RECORDS SUPPLIED: Begin

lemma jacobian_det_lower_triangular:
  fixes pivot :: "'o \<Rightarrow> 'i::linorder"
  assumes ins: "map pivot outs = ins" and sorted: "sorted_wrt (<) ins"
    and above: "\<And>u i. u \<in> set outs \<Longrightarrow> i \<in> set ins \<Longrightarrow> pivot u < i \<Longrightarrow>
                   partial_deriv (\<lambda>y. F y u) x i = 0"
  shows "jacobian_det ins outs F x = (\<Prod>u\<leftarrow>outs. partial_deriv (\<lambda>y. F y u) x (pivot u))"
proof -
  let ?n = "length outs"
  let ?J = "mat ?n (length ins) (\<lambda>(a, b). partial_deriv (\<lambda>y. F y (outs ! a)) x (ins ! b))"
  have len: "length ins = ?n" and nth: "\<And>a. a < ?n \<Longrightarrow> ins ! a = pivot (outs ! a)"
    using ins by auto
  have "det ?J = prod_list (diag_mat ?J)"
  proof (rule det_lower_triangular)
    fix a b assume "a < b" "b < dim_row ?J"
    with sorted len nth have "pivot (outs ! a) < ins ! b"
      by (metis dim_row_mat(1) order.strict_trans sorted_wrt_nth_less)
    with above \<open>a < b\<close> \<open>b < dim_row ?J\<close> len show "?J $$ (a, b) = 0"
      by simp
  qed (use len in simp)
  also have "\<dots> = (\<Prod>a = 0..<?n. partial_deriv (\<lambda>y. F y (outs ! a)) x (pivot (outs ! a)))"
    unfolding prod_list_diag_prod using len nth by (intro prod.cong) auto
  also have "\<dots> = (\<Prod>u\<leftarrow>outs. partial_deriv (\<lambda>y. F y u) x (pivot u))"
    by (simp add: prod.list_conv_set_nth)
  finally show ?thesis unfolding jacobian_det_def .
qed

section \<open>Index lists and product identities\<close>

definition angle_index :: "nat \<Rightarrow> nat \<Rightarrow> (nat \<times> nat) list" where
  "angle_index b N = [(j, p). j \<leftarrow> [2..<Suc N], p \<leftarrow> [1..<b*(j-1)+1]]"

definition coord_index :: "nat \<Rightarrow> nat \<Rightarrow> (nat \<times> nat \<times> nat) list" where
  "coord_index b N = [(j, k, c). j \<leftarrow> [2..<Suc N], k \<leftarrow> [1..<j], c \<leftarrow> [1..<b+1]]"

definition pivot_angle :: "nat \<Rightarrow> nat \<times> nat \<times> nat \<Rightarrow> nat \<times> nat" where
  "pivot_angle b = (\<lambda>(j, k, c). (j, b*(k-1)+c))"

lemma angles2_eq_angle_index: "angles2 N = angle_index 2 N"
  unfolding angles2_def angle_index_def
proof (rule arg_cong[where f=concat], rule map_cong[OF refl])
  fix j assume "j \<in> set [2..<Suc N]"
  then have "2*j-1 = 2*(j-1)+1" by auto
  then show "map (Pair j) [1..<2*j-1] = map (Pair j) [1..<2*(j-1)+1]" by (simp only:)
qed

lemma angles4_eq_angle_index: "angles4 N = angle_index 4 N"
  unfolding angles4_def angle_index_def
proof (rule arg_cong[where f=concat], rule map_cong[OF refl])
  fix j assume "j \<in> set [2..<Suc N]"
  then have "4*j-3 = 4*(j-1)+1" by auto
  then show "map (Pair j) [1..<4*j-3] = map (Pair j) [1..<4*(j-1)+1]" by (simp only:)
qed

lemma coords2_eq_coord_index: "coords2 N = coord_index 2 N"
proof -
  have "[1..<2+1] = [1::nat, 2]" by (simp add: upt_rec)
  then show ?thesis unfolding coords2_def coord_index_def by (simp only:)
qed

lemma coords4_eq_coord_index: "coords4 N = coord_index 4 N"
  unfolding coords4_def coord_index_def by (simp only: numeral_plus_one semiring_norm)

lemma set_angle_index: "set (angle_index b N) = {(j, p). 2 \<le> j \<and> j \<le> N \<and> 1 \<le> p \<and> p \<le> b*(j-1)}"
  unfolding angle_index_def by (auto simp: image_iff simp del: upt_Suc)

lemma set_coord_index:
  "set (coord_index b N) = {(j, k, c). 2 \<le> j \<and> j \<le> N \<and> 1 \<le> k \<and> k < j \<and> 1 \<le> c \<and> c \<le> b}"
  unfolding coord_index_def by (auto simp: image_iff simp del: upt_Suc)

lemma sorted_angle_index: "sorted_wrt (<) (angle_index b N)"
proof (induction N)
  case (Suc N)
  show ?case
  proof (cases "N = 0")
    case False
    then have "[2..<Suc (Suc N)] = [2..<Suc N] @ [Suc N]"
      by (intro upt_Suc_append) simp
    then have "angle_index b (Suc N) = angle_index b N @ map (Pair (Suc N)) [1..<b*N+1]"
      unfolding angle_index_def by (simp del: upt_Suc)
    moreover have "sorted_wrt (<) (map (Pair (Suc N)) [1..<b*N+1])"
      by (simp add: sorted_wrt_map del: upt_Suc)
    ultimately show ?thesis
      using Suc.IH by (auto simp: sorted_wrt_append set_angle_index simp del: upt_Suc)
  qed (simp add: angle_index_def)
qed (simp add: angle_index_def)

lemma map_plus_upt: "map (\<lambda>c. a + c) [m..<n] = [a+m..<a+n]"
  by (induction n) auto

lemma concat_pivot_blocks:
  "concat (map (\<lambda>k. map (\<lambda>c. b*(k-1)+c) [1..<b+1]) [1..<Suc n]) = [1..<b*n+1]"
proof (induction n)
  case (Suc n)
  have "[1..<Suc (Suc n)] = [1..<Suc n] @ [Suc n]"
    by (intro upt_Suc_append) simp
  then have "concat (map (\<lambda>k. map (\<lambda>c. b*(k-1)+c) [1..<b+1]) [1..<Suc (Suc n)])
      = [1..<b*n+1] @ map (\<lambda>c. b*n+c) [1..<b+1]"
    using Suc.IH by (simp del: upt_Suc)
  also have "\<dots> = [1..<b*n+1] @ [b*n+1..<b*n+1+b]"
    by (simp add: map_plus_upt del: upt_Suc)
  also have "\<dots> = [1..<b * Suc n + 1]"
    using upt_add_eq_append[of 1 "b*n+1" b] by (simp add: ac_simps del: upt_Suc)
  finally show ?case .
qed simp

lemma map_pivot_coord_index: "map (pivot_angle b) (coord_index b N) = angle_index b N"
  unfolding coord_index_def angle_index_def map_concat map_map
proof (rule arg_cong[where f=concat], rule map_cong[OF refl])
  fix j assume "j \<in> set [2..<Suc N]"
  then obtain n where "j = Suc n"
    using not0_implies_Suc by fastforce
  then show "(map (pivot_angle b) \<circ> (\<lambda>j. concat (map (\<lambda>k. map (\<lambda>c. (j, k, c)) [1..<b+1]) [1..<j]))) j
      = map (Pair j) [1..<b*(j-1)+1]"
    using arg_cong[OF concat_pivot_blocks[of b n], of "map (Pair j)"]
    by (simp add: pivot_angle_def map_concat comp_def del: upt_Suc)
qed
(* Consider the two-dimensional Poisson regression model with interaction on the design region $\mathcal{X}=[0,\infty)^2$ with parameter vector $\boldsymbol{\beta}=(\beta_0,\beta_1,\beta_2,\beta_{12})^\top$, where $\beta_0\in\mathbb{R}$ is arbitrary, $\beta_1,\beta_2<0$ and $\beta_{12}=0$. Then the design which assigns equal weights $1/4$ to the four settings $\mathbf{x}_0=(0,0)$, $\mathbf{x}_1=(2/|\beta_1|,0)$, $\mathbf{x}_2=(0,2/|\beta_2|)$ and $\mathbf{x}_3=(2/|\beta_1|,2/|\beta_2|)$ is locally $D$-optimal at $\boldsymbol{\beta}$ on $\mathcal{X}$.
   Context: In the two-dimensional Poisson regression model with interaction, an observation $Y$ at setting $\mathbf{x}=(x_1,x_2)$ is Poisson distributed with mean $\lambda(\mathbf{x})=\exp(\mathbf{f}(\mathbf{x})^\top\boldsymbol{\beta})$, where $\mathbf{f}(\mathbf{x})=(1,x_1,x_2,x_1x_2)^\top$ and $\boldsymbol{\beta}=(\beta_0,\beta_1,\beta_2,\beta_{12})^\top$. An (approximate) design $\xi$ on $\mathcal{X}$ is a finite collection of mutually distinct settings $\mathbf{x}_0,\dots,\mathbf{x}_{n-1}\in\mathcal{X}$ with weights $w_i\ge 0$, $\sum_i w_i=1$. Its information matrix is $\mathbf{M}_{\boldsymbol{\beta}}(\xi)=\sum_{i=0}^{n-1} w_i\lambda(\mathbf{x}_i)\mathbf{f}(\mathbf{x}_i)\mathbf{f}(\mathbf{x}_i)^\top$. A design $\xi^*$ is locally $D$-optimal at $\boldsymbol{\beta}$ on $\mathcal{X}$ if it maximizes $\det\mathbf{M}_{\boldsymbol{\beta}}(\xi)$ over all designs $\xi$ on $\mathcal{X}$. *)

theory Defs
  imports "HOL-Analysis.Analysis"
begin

RECORDS SUPPLIED: End

### PROBLEM
For every line of the records that has the word "times" in it, make a copy.

### SOLUTION FOR THIS PROBLEM
definition angle_index :: "nat \<Rightarrow> nat \<Rightarrow> (nat \<times> nat) list" where
definition coord_index :: "nat \<Rightarrow> nat \<Rightarrow> (nat \<times> nat \<times> nat) list" where
definition pivot_angle :: "nat \<Rightarrow> nat \<times> nat \<times> nat \<Rightarrow> nat \<times> nat" where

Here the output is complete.